Scientists are aimed at scaling MDGen from modeling particles to predict how proteins change over time. “We are currently using toy systems,” says Stärk, also a PhD student at CSAIL. “To strengthen MDGEN predictive capabilities for protein modeling, we will have to rely on the current available architecture and data. We do not have a YouTube repository yet for this type of simulation, so we hope to develop a separate machine learning method that can accelerate the process of data collection for our model.”
For now, MDGen presents the encouraging path forward in modeling molecular lesions invisible in the naked eye. Chemists can also use these simulations to delve into the behavior of medicine prototypes in the case of diseases such as cancer or tuberculosis.

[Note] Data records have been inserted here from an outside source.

(* Let $\{x^k\}$ be generated by the MPG algorithm described in the context. Then for every $j=1,\ldots,m$ the sequence $\{F_j(x^k)\}$ is non-increasing, i.e., $F(x^{k+1})\preceq F(x^k)$ for every $k$ for which $x^{k+1}$ is generated.
   Context: Let $F:\mathbb{R}^n\to(\mathbb{R}\cup\{+\infty\})^m$, $F=(F_1,\ldots,F_m)$, with $F_j=G_j+H_j$ for $j=1,\ldots,m$, where: (i) each $G_j:\mathbb{R}^n\to\mathbb{R}$ is continuously differentiable and convex; (ii) each $H_j:\mathbb{R}^n\to\mathbb{R}\cup\{+\infty\}$ is proper, convex and continuous on its domain; (iii) $\mathrm{dom}(F):=\{x: F_j(x)<+\infty\ \forall j\}$ is nonempty and closed. For $u,v\in\mathbb{R}^m$, $u\preceq v$ means $u_j\le v_j$ for all $j$. For $x\in\mathrm{dom}(F)$ and $\alpha>0$ define $\psi_x(u):=\max_{j=1,\ldots,m}\big(\nabla G_j(x)^\top(u-x)+H_j(u)-H_j(x)\big)$, $p_\alpha(x):=\arg\min_{u\in\mathbb{R}^n}\psi_x(u)+\frac{1}{2\alpha}\|u-x\|^2$ (unique minimizer), and $\theta_\alpha(x):=\psi_x(p_\alpha(x))+\frac{1}{2\alpha}\|p_\alpha(x)-x\|^2$. MPG algorithm. Step 0: choose $x^0\in\mathrm{dom}(F)$, $\alpha>0$, $\gamma\in(0,2/\alpha)$, $0<\tau_1<\tau_2<1$; set $k=0$. Step 1: compute $p^k:=p_\alpha(x^k)$ and $\theta_\alpha(x^k)$. Step 2: if $\theta_\alpha(x^k)=0$, stop. Step 3: set $d^k:=p^k-x^k$, take $j_k^*\in\arg\max_{j}\nabla G_j(x^k)^\top d^k$, set $t=1$. Step 3.1: if $G_{j_k^*}(x^k+td^k)\le G_{j_k^*}(x^k)+t\nabla G_{j_k^*}(x^k)^\top d^k+t\frac{\gamma}{2}\|d^k\|^2$, go to Step 3.2; otherwise replace $t$ by some value in $[\tau_1 t,\tau_2 t]$ and repeat Step 3.1. Step 3.2: if $F(x^k+td^k)\preceq F(x^k)$, set $t_k=t$ and go to Step 4. Step 3.3: replace $t$ by some value in $[\tau_1 t,\tau_2 t]$; if $G_j(x^k+td^k)\le G_j(x^k)+t\nabla G_j(x^k)^\top d^k+t\frac{\gamma}{2}\|d^k\|^2$ for all $j=1,\ldots,m$, set $t_k=t$ and go to Step 4; otherwise repeat Step 3.3. Step 4: $x^{k+1}:=x^k+t_kd^k$, $k\leftarrow k+1$, go to Step 1. *)

theory Defs
  imports "HOL-Analysis.Analysis"
begin

text \<open>Objectives are indexed by j < m (0-based). G j is real valued with gradient gradG j,
  H j is extended-real valued (value \<infinity> allowed).\<close>

definition proper_convex_ext :: "('a::real_vector \<Rightarrow> ereal) \<Rightarrow> bool" where
  "proper_convex_ext h \<longleftrightarrow>
     (\<forall>x. h x \<noteq> -\<infinity>) \<and> (\<exists>x. h x \<noteq> \<infinity>) \<and>
     (\<forall>x y t. 0 \<le> t \<and> t \<le> 1 \<longrightarrow>
        h ((1 - t) *\<^sub>R x + t *\<^sub>R y) \<le> ereal (1 - t) * h x + ereal t * h y)"

definition Fobj :: "(nat \<Rightarrow> 'a \<Rightarrow> real) \<Rightarrow> (nat \<Rightarrow> 'a \<Rightarrow> ereal) \<Rightarrow> nat \<Rightarrow> 'a \<Rightarrow> ereal" where
  "Fobj G H j x = ereal (G j x) + H j x"

definition domF :: "nat \<Rightarrow> (nat \<Rightarrow> 'a \<Rightarrow> ereal) \<Rightarrow> 'a set" where
  "domF m H = {x. \<forall>j<m. H j x < \<infinity>}"

definition Fle :: "nat \<Rightarrow> (nat \<Rightarrow> 'a \<Rightarrow> real) \<Rightarrow> (nat \<Rightarrow> 'a \<Rightarrow> ereal) \<Rightarrow> 'a \<Rightarrow> 'a \<Rightarrow> bool" where
  "Fle m G H u v \<longleftrightarrow> (\<forall>j<m. Fobj G H j u \<le> Fobj G H j v)"

definition psi :: "nat \<Rightarrow> (nat \<Rightarrow> 'a::real_inner \<Rightarrow> 'a) \<Rightarrow> (nat \<Rightarrow> 'a \<Rightarrow> ereal) \<Rightarrow> 'a \<Rightarrow> 'a \<Rightarrow> ereal" where
  "psi m gradG H x u = Max ((\<lambda>j. ereal (inner (gradG j x) (u - x)) + H j u - H j x) ` {..<m})"

definition prox_obj :: "nat \<Rightarrow> (nat \<Rightarrow> 'a::real_inner \<Rightarrow> 'a) \<Rightarrow> (nat \<Rightarrow> 'a \<Rightarrow> ereal) \<Rightarrow> real \<Rightarrow> 'a \<Rightarrow> 'a \<Rightarrow> ereal" where
  "prox_obj m gradG H \<alpha> x u = psi m gradG H x u + ereal (norm (u - x) ^ 2 / (2 * \<alpha>))"

definition p_alpha :: "nat \<Rightarrow> (nat \<Rightarrow> 'a::real_inner \<Rightarrow> 'a) \<Rightarrow> (nat \<Rightarrow> 'a \<Rightarrow> ereal) \<Rightarrow> real \<Rightarrow> 'a \<Rightarrow> 'a" where
  "p_alpha m gradG H \<alpha> x = (THE u. \<forall>v. prox_obj m gradG H \<alpha> x u \<le> prox_obj m gradG H \<alpha> x v)"

definition theta_alpha :: "nat \<Rightarrow> (nat \<Rightarrow> 'a::real_inner \<Rightarrow> 'a) \<Rightarrow> (nat \<Rightarrow> 'a \<Rightarrow> ereal) \<Rightarrow> real \<Rightarrow> 'a \<Rightarrow> ereal" where
  "theta_alpha m gradG H \<alpha> x = prox_obj m gradG H \<alpha> x (p_alpha m gradG H \<alpha> x)"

“Methods of machine learning that learn from physical simulation are a new new limit in artificial intelligence for science,” says Bonnie Berger, professor MIT Simons Mathematics, the main CSAIL researcher and senior author in the newspaper. “MDGEN is a versatile, multi -functional framework that combines these two domains, and we are very excited about sharing our early models in this direction.”
“Trying realistic transition paths between molecular states is the main challenge,” says colleague, elderly author Tommi Jaakkola, who is Professor Mit Thomas Siebel Electrical Engineering and Computer Science, as well as the Institute of Data, Systems and Society, and the main CSAIL researcher. “This early work shows how we can start solving such challenges by transferring generative modeling to full simulation waveforms.”
Scientists from the entire field of bioinformatics heralded this system due to its ability to simulate molecular transformation. “MDGen models molecular dynamics simulations as a joint distribution of structural embedded, capturing molecular movements between discrete time stages,” says Professor Chalmers University of Technology Professor Simon Olsson, who was not involved in the study. “Using the masked learning goal, MDGEN enables innovative use cases, such as taking a transition path samples, drawing analogies to trajectories related to metastabilic connection.”
The work of scientists on MDGEN was partly supported by the National Institute of General Medical Sciences, United States Department of Energy, National Science Foundation, Machine Learning for Pharmaceutical Discovery and Syntisis Consortium, Abdul Latif Jameel Clinic for Machine Learning in Health, Agency Reduction Defense threats and the Advanced Research Projects defense agency.